▶ **EXERCISE**:
Restate word for word the lines of the records below, starting at the line that contains "M) = capt_free_s" and ending at the line that contains "consider the window", with both of those lines included and nothing else.

Stored data entries
● ● ● ● ● ● ●

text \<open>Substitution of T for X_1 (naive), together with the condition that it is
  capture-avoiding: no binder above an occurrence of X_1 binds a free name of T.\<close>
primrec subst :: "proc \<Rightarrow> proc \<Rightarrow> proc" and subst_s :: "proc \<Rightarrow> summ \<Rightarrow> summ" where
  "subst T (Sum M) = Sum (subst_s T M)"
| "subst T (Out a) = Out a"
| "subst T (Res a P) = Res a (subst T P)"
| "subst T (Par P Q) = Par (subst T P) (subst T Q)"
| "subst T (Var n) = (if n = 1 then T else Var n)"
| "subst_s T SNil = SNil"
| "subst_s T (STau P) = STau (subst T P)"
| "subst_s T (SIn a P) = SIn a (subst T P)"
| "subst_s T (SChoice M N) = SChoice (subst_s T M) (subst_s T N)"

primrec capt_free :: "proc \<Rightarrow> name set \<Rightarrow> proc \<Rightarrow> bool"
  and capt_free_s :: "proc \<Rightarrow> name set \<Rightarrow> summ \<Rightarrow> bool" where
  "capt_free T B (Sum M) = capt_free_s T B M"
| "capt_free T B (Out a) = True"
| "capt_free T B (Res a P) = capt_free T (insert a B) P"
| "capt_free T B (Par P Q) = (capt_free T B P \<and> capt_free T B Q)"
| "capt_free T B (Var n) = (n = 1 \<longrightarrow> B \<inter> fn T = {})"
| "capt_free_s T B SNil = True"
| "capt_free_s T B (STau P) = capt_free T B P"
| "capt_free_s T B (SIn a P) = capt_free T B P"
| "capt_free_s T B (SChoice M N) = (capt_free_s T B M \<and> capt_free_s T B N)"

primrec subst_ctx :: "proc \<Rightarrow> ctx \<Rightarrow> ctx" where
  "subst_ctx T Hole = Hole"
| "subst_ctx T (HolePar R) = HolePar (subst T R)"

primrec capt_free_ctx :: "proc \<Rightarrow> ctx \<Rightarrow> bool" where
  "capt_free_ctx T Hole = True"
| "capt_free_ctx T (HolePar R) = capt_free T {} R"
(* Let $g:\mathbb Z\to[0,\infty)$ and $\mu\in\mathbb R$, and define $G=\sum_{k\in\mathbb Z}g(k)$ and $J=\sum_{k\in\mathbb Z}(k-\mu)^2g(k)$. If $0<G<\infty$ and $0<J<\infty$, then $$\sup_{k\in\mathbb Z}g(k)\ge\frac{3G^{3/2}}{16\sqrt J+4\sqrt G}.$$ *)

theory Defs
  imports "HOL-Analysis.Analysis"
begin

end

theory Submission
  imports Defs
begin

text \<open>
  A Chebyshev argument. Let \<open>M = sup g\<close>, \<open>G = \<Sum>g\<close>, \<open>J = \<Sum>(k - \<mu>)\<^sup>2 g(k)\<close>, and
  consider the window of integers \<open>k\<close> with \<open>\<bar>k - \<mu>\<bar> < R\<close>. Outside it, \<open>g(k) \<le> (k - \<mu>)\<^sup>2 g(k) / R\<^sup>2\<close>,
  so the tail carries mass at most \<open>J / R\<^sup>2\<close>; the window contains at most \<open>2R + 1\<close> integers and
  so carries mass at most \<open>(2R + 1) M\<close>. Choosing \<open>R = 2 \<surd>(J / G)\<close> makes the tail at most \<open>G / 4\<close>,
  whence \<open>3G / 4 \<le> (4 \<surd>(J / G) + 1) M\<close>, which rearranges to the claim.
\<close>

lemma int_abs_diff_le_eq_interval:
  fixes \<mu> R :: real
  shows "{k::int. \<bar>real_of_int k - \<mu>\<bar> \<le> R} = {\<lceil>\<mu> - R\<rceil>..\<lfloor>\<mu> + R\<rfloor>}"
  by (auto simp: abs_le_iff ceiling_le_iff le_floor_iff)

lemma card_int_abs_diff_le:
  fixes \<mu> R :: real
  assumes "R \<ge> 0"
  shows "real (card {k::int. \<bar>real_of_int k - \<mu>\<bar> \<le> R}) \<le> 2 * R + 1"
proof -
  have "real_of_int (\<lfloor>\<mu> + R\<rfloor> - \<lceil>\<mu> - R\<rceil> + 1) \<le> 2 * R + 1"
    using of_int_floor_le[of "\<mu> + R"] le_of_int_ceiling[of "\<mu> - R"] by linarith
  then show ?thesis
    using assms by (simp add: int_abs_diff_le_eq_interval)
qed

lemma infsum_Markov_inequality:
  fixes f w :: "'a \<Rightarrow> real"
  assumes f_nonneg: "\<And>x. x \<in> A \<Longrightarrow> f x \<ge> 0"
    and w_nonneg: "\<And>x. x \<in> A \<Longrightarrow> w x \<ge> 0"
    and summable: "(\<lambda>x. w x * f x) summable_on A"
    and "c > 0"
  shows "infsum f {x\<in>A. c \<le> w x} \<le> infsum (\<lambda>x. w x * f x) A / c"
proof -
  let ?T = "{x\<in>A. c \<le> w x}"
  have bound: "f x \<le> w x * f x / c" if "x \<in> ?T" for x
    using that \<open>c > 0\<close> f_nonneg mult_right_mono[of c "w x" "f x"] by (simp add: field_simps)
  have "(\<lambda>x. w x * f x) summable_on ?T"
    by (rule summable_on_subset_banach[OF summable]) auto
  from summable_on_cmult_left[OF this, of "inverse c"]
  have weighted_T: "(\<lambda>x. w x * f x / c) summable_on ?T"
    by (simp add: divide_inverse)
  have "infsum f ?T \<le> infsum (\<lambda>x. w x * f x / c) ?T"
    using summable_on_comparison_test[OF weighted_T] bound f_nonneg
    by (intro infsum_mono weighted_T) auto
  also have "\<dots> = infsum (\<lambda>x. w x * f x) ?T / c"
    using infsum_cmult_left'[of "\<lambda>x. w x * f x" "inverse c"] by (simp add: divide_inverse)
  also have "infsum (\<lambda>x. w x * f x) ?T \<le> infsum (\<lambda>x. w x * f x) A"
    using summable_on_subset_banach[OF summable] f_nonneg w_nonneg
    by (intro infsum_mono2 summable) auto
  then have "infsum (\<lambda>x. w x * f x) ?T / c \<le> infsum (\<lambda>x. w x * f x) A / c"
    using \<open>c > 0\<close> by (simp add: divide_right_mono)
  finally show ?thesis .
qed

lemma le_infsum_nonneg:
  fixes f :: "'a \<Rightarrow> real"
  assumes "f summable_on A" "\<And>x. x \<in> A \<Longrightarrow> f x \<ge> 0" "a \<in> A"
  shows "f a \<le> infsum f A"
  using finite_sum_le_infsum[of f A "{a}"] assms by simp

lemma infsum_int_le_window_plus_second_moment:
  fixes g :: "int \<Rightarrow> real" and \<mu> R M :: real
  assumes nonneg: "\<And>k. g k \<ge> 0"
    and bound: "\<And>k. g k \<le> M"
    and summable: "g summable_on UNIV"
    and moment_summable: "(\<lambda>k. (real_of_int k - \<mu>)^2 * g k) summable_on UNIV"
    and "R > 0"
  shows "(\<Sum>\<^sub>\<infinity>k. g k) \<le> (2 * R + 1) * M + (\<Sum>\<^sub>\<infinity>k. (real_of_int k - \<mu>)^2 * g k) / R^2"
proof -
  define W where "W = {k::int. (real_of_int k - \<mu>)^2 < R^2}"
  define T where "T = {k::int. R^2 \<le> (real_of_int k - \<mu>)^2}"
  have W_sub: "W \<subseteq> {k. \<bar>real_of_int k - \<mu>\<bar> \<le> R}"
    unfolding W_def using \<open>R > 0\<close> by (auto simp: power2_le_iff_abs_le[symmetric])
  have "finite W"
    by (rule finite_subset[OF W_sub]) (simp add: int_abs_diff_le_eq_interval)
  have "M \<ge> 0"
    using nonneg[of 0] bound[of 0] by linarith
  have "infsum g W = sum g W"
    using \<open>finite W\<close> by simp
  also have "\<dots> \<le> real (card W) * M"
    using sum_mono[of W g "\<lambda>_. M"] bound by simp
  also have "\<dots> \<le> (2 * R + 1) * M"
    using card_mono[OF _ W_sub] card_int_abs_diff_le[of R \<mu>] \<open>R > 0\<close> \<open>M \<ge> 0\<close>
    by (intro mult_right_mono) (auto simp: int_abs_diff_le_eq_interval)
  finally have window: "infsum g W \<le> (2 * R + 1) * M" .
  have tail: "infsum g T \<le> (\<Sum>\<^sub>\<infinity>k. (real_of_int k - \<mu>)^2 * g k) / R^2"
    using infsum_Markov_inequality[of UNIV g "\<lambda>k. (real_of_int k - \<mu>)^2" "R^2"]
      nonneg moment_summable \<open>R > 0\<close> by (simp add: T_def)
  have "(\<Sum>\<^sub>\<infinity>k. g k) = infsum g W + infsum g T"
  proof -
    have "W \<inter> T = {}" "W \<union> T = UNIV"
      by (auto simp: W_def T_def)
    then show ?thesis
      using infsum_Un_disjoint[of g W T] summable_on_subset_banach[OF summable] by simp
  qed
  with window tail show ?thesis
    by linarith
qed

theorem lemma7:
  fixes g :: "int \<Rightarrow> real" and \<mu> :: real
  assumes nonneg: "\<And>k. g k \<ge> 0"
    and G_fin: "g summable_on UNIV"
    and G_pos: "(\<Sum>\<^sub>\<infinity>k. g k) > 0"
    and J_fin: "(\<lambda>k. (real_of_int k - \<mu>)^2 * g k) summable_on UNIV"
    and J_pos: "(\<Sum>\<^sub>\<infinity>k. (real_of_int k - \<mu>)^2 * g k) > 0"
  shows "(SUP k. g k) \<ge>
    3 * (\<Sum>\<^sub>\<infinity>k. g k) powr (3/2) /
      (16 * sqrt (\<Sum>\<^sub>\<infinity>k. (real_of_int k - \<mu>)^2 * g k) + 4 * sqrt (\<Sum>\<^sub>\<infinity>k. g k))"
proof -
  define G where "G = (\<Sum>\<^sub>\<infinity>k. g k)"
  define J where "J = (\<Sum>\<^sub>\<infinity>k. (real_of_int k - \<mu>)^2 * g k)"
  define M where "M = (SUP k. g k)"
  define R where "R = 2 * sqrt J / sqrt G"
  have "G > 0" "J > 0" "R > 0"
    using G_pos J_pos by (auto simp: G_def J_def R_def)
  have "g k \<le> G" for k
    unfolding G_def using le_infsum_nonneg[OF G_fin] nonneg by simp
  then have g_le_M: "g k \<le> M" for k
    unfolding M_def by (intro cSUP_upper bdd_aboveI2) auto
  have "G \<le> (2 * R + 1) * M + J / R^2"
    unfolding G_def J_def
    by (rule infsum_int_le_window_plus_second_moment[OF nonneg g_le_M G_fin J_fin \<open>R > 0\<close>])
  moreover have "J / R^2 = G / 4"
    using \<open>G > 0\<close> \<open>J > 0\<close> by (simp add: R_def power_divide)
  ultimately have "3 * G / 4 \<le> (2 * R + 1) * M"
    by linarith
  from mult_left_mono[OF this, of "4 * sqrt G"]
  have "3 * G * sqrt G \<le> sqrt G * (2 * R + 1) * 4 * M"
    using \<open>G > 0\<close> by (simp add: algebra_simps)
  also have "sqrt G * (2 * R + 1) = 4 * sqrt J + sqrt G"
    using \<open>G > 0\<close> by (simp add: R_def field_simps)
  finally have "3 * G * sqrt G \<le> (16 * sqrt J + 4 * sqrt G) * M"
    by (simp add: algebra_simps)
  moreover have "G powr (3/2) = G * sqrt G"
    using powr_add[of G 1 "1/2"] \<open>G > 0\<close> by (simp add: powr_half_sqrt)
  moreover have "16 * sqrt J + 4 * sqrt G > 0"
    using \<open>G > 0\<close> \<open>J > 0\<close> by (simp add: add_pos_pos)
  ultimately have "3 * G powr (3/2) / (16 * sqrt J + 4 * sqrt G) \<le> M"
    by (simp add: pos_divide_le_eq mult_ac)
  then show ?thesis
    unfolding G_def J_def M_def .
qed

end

● ● ● ● ● ● ●

▶ **SOLUTION BELOW**:
  "capt_free T B (Sum M) = capt_free_s T B M"
| "capt_free T B (Out a) = True"
| "capt_free T B (Res a P) = capt_free T (insert a B) P"
| "capt_free T B (Par P Q) = (capt_free T B P \<and> capt_free T B Q)"
| "capt_free T B (Var n) = (n = 1 \<longrightarrow> B \<inter> fn T = {})"
| "capt_free_s T B SNil = True"
| "capt_free_s T B (STau P) = capt_free T B P"
| "capt_free_s T B (SIn a P) = capt_free T B P"
| "capt_free_s T B (SChoice M N) = (capt_free_s T B M \<and> capt_free_s T B N)"

primrec subst_ctx :: "proc \<Rightarrow> ctx \<Rightarrow> ctx" where
  "subst_ctx T Hole = Hole"
| "subst_ctx T (HolePar R) = HolePar (subst T R)"

primrec capt_free_ctx :: "proc \<Rightarrow> ctx \<Rightarrow> bool" where
  "capt_free_ctx T Hole = True"
| "capt_free_ctx T (HolePar R) = capt_free T {} R"
(* Let $g:\mathbb Z\to[0,\infty)$ and $\mu\in\mathbb R$, and define $G=\sum_{k\in\mathbb Z}g(k)$ and $J=\sum_{k\in\mathbb Z}(k-\mu)^2g(k)$. If $0<G<\infty$ and $0<J<\infty$, then $$\sup_{k\in\mathbb Z}g(k)\ge\frac{3G^{3/2}}{16\sqrt J+4\sqrt G}.$$ *)

theory Defs
  imports "HOL-Analysis.Analysis"
begin

end

theory Submission
  imports Defs
begin

text \<open>
  A Chebyshev argument. Let \<open>M = sup g\<close>, \<open>G = \<Sum>g\<close>, \<open>J = \<Sum>(k - \<mu>)\<^sup>2 g(k)\<close>, and
  consider the window of integers \<open>k\<close> with \<open>\<bar>k - \<mu>\<bar> < R\<close>. Outside it, \<open>g(k) \<le> (k - \<mu>)\<^sup>2 g(k) / R\<^sup>2\<close>,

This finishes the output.